冒頭部分の記載「呼吸機能検査機器メーカーであるチェスト社が推奨し,かつ機器取扱説明書に記載されているWVについての文面の記載もありませんでしたので,その点についての意見も頂きたい」のご指摘ですが,私はチェスト社ではなく他社の呼吸機能測定装置を用いてDLco検査を行っておりました。よってチェスト社の機器取扱説明書に精通しておらず,著者に対して「記載がない」との指摘ができませんでした。この点について編集部を通じてお聞きしたところ著者からは「機器の取扱説明書を確認しましたが,WVについての文面の記載はありませんでした。」との回答を得ております。

最後になりますが,該当論文の文献4)は健常者と患者209名を対象として標準法(WV 750 mL・SV 1,000 mL)と減量法(WV 300 mL・SV 700 mL)を比較,文献5)は健常者20名を対象としてWV 750 mLから500 mL,400 mL,300 mL,200 mL,150 mL,0 mLと減量し,測定間隔は15分で比較検討を行い,ともにSV 300 mLの有用性を結論にしています。この2つの文献はいずれも抄録(1990年代)であります。

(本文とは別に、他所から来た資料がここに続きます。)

lemma measurable_comp_chosen_arm:
  assumes "\<And>A A'. (\<forall>j\<in>{1..N}. A j = A' j) \<Longrightarrow> c A = c A'"
  shows "(\<lambda>\<theta>. c (chosen_arm K \<theta>)) \<in> borel_measurable (sample_theta N K s)"
proof -
  let ?M = "sample_theta N K s"
  let ?F = "PiE {1..N} (\<lambda>_. UNIV :: nat set)"
  let ?A = "\<lambda>\<theta>. restrict (chosen_arm K \<theta>) {1..N}"
  have "countable ?F" by (intro countable_PiE) auto
  then have "?A \<in> measurable ?M (count_space ?F)"
  proof (rule measurable_count_space_eq_countable[THEN iffD2], intro conjI ballI)
    show "?A \<in> space ?M \<rightarrow> ?F" by auto
    fix f assume "f \<in> ?F"
    then have "?A -` {f} \<inter> space ?M = {\<theta> \<in> space ?M. \<forall>j\<in>{1..N}. chosen_arm K \<theta> j = f j}"
      by (auto simp: fun_eq_iff PiE_iff extensional_def)
    also have "\<dots> \<in> sets ?M" by measurable
    finally show "?A -` {f} \<inter> space ?M \<in> sets ?M" .
  qed
  then have "(\<lambda>\<theta>. c (?A \<theta>)) \<in> borel_measurable ?M" by (rule measurable_compose) simp
  moreover have "c (?A \<theta>) = c (chosen_arm K \<theta>)" for \<theta> by (rule assms) simp
  ultimately show ?thesis by simp
qed

lemma measurable_sample_rewards [measurable]:
  "f \<in> borel_measurable (sample_rewards N \<mu> A)"
  unfolding sample_rewards_def by (rule measurable_PiM_pmf_countable) simp

lemma prob_space_sample_rewards: "prob_space (sample_rewards N \<mu> A)"
  unfolding sample_rewards_def by (intro prob_space_PiM prob_space_measure_pmf)

lemma sample_rewards_cong:
  "(\<forall>j\<in>{1..N}. A j = A' j) \<Longrightarrow> sample_rewards N \<mu> A = sample_rewards N \<mu> A'"
  unfolding sample_rewards_def by (auto intro!: PiM_cong)

lemma dts_update_cong:
  "(\<forall>j\<in>{1..N}. A j = A' j) \<Longrightarrow> dts_update N W \<eta> s A = dts_update N W \<eta> s A'"
  unfolding dts_update_def by (auto intro!: sum.cong ext)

該当論文における連続測定やWV 300 mLの結果は,DLco検査の定論と相対し驚かされる内容です。「論文」という形で報告するという点においても意味があったと考えております。

文献
  • *1)   Spicer  WS et al.: Diffusing capacity and blood flow in different regions of the lung. J Appl Physiol, 1962; 17: 587–595.
  • *2)   大久保  輝男,他:肺機能検査TODAY(肺拡散能力).Medical Technology, 1998; 26: 654–660.
  • *3)   宮澤  義,他:肺拡散能力測定の再現性に及ぼすCO-Hbの影響.臨床検査技師年報,1990; 213–215.
  • *4)  日本臨床衛生検査技師会ライブラリー:呼吸機能検査の実際,2009.
  • *5)  福地 義之助(監訳):肺機能検査―呼吸生理から臨床応用まで,メディカル・サイエンス・インターナショナル,東京,2004.